Yo había prometido a la familia que le dejaría decir siempre la última palabra en las discusiones, pero en aquel caso tenía una responsabilidad distinta. Esa mujer vive en mi calle, enfrente de mi casa. Yo la conozco y yo la he inventado. Lo siento por ella. No voy a dejarla allí, en aquella casa, llorando. (En realidad, tampoco la vida, que, al contrario que yo, no tiene piedad, la dejaría allí.)
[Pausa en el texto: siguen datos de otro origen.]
lemma rho_le: "rho \<le> 561/1000"
proof -
  define s where "s = cstar"
  define Q where "Q = 1 + s + 3/2 * s\<^sup>2"
  have s: "265/100 < s" using cstar_bounds by (simp add: s_def)
  have Q: "Q > 0" using s by (simp add: Q_def add_pos_nonneg)
  have e: "exp s = Q"
    using cstar_bounds(3) unfolding two_h2_eq_three_h3_iff psi_eq_1_iff s_def Q_def .
  have "h 2 s = 1 - (1 + s) / Q"
    by (simp add: h_def lessThan_nat_numeral exp_minus e field_simps)
  then have hQ: "h 2 s * Q = 3/2 * s\<^sup>2"
    using Q by (simp add: field_simps) (simp add: Q_def)
  have "rho * Q * s = (rho * s) * Q" by (simp only: ac_simps)
  also have "\<dots> = 2 * (h 2 s * Q)" using s by (simp add: rho_def s_def)
  also have "\<dots> = 3 * s * s" unfolding hQ by (simp add: power2_eq_square)
  finally have "rho * Q = 3 * s" using s by simp
  moreover have "3 * s \<le> 561/1000 * Q"
  proof -
    have "(s - 265/100) * (s - 265/100) \<ge> 0" by simp
    then show ?thesis using s unfolding Q_def by (simp add: power2_eq_square algebra_simps)
  qed
  ultimately have "rho * Q \<le> 561/1000 * Q" by simp
  then show ?thesis using Q by (rule mult_right_le_imp_le)
qed

section \<open>Numerical bounds on \<open>j h\<^sub>j\<close>\<close>

lemma scaled_h_ge_if_partial_sums:
  fixes a r :: real
  assumes a: "0 \<le> a" and j: "j > 0" and t: "0 \<le> 1 - r * a / real j"
    and sums: "(\<Sum>i<j. a ^ i / fact i) \<le> (1 - r * a / real j) * (\<Sum>i<n. a ^ i / fact i)"
  shows "r * a \<le> real j * h j a"
proof -
  have "exp (-a) * (\<Sum>i<j. a ^ i / fact i) \<le> exp (-a) * ((1 - r * a / real j) * exp a)"
    using sums exp_ge_partial_sum[OF a, of n] t by (smt (verit) exp_gt_zero mult_left_mono)
  also have "\<dots> = 1 - r * a / real j" by (simp add: exp_minus field_simps)
  finally show ?thesis using j by (simp add: h_def field_simps)
qed

lemma rho_le_scaled_h_at_grid:
  "rho * (126/100) \<le> real 1 * h 1 (126/100)"  "rho * (126/100) \<le> real 2 * h 2 (126/100)"
  "rho * (41/10) \<le> real 3 * h 3 (41/10)"  "rho * (41/10) \<le> real 4 * h 4 (41/10)"
  "rho * (59/10) \<le> real 4 * h 4 (59/10)"  "rho * (59/10) \<le> real 5 * h 5 (59/10)"
  "rho * (39/5) \<le> real 5 * h 5 (39/5)"  "rho * (39/5) \<le> real 7 * h 7 (39/5)"
  "rho * (58/5) \<le> real 7 * h 7 (58/5)"  "rho * (58/5) \<le> real 11 * h 11 (58/5)"
  "rho * 19 \<le> real 11 * h 11 19"  "rho * 19 \<le> real 18 * h 18 19"
  "rho * (158/5) \<le> real 18 * h 18 (158/5)"  "rho * (158/5) \<le> real 23 * h 23 (158/5)"
  "rho * 40 \<le> real 23 * h 23 40"
proof -
  have bound: "rho * a \<le> real j * h j a"
    if "0 \<le> a" "j > 0" "0 \<le> 1 - 561/1000 * a / real j"
      "(\<Sum>i<j. a ^ i / fact i) \<le> (1 - 561/1000 * a / real j) * (\<Sum>i<n. a ^ i / fact i)"
    for a j n
    using mult_right_mono[OF rho_le that(1)] scaled_h_ge_if_partial_sums[OF that] by linarith
  note eval = lessThan_nat_numeral fact_numeral power_divide
  show "rho * (126/100) \<le> real 1 * h 1 (126/100)" by (rule bound[where n=6]) (simp_all add: eval)
  show "rho * (126/100) \<le> real 2 * h 2 (126/100)" by (rule bound[where n=7]) (simp_all add: eval)
  show "rho * (41/10) \<le> real 3 * h 3 (41/10)" by (rule bound[where n=10]) (simp_all add: eval)
  show "rho * (41/10) \<le> real 4 * h 4 (41/10)" by (rule bound[where n=10]) (simp_all add: eval)
  show "rho * (59/10) \<le> real 4 * h 4 (59/10)" by (rule bound[where n=12]) (simp_all add: eval)
  show "rho * (59/10) \<le> real 5 * h 5 (59/10)" by (rule bound[where n=11]) (simp_all add: eval)
  show "rho * (39/5) \<le> real 5 * h 5 (39/5)" by (rule bound[where n=13]) (simp_all add: eval)
  show "rho * (39/5) \<le> real 7 * h 7 (39/5)" by (rule bound[where n=14]) (simp_all add: eval)
  show "rho * (58/5) \<le> real 7 * h 7 (58/5)" by (rule bound[where n=17]) (simp_all add: eval)
  show "rho * (58/5) \<le> real 11 * h 11 (58/5)" by (rule bound[where n=20]) (simp_all add: eval)
  show "rho * 19 \<le> real 11 * h 11 19" by (rule bound[where n=22]) (simp_all add: eval)
  show "rho * 19 \<le> real 18 * h 18 19" by (rule bound[where n=28]) (simp_all add: eval)
  show "rho * (158/5) \<le> real 18 * h 18 (158/5)" by (rule bound[where n=29]) (simp_all add: eval)
  show "rho * (158/5) \<le> real 23 * h 23 (158/5)" by (rule bound[where n=29]) (simp_all add: eval)
  show "rho * 40 \<le> real 23 * h 23 40" by (rule bound[where n=32]) (simp_all add: eval)
qed

section \<open>Choice of the bundle price\<close>

text \<open>\<open>real m \<le> (c - real m) * max 4 c\<close> is the condition \<open>m (k + 1) \<le> c k\<close> of the Poisson
  comparison made independent of \<open>k\<close>, using \<open>k \<ge> max 4 c\<close>.\<close>

lemma threshold_condition_imp_le:
  assumes "real m \<le> (a - real m) * max 4 a"
  shows "real m \<le> a"
proof (rule ccontr)
  assume "\<not> real m \<le> a"
  then have "(a - real m) * max 4 a < 0" by (intro mult_neg_pos) auto
  then show False using assms by simp
qed

lemma threshold_condition_mono:
  assumes "real m \<le> (a - real m) * max 4 a" "a \<le> c" "max 4 c \<le> d"
  shows "real m \<le> (c - real m) * d"
proof -
  have "(a - real m) * max 4 a \<le> (c - real m) * d"
    using assms threshold_condition_imp_le[OF assms(1)] by (intro mult_mono) auto
  then show ?thesis using assms(1) by linarith
qed

lemma threshold_on_interval:
  assumes m: "real m \<le> (a - real m) * max 4 a" and "a \<le> c" "c \<le> b"
    and "rho * a \<le> real (Suc m) * h (Suc m) a" "rho * b \<le> real (Suc m) * h (Suc m) b"
  shows "real m \<le> (c - real m) * max 4 c \<and> rho * c \<le> real (Suc m) * h (Suc m) c"
  using threshold_condition_mono[OF m] scaled_h_ge_on_interval[of m a c b]
    threshold_condition_imp_le[OF m] assms
  by auto

lemma exists_bundle_threshold:
  assumes "0 < c" "c < 40"
  obtains m where "real m \<le> (c - real m) * max 4 c" "rho * c \<le> real (Suc m) * h (Suc m) c"
proof -
  note grid = rho_le_scaled_h_at_grid
  have cstar: "rho * cstar = 2 * h 2 cstar" "rho * cstar = 3 * h 3 cstar"
    using cstar_bounds by (simp_all add: rho_def)
  note interval = threshold_on_interval[where c = c]
  consider "c \<le> 126/100" | "126/100 \<le> c \<and> c \<le> cstar" | "cstar \<le> c \<and> c \<le> 41/10"
    | "41/10 \<le> c \<and> c \<le> 59/10" | "59/10 \<le> c \<and> c \<le> 39/5" | "39/5 \<le> c \<and> c \<le> 58/5"
    | "58/5 \<le> c \<and> c \<le> 19" | "19 \<le> c \<and> c \<le> 158/5" | "158/5 \<le> c \<and> c \<le> 40"
    using assms by linarith
  then show ?thesis
  proof cases
    case 1
    then show ?thesis using that[of 0] interval[of 0 0 "126/100"] grid(1) assms by (simp add: h_def)
  next
    case 2
    then show ?thesis using that[of 1] interval[of 1 "126/100" cstar] grid(2) cstar by (simp add: numeral_2_eq_2[symmetric])
  next
    case 3
    then show ?thesis using that[of 2] interval[of 2 cstar "41/10"] grid(3) cstar cstar_bounds by simp
  next
    case 4
    then show ?thesis using that[of 3] interval[of 3 "41/10" "59/10"] grid(4,5) by simp
  next
    case 5
    then show ?thesis using that[of 4] interval[of 4 "59/10" "39/5"] grid(6,7) by simp
  next
    case 6
    then show ?thesis using that[of 6] interval[of 6 "39/5" "58/5"] grid(8,9) by simp
  next
    case 7
    then show ?thesis using that[of 10] interval[of 10 "58/5" 19] grid(10,11) by simp
  next
    case 8
    then show ?thesis using that[of 17] interval[of 17 19 "158/5"] grid(12,13) by simp
  next
    case 9
    then show ?thesis using that[of 22] interval[of 22 "158/5" 40] grid(14,15) by simp
  qed
qed

theorem lemma5:
  fixes k :: nat and c :: real
  assumes "k \<ge> 4" and "0 < c" and "c < 40" and "c \<le> real k"
  shows "BRev (bern01 (c / real k)) k / SRev (bern01 (c / real k)) k \<ge> rho"
proof -
  obtain m where m: "real m \<le> (c - real m) * max 4 c"
    and bound: "rho * c \<le> real (Suc m) * h (Suc m) c"
    using exists_bundle_threshold assms(2,3) by blast
  have "real m \<le> (c - real m) * real k"
    using threshold_condition_mono[OF m order.refl] assms by simp
  then have "real m * (real k + 1) \<le> c * real k" by (simp add: algebra_simps)
  then have "rho * c \<le> BRev (bern01 (c / real k)) k"
    using bound BRev_bern01_ge_h[of k c m] assms by simp
  moreover have "SRev (bern01 (c / real k)) k = c"
    using assms by (simp add: SRev_bern01)
  ultimately show ?thesis using assms(2) by (simp add: le_divide_eq mult.commute)
qed

end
En consecuencia: Ella cambió. Su hijo nunca volvió a casa, por supuesto. Pero en estos momentos es la recepcionista de una clínica comunitaria del barrio, en East Village. La mayoría de los clientes son jóvenes, algunos antiguos amigos. El médico jefe le ha dicho: «Si tuviéramos tres personas nada más en esta clínica con su experiencia…».
—¿Le dijo eso el médico? —Mi padre se sacó los tubos de oxígeno de la nariz y añadió—: Eso es una broma. Otra broma.
—No, papá, pudo suceder realmente. Vivimos en un mundo extraño.
—No —dijo—. La verdad ante todo. Ella irá hundiéndose. Una persona ha de tener carácter. Y ella no lo tiene.
—No, papá —dije—. De veras. Ha conseguido un trabajo. En serio. Trabaja en esa clínica.
—¿Cuánto tiempo crees que va a durar? —preguntó—. ¡Es una tragedia! ¡Tú también! ¿Cuándo mirarás las cosas cara a cara?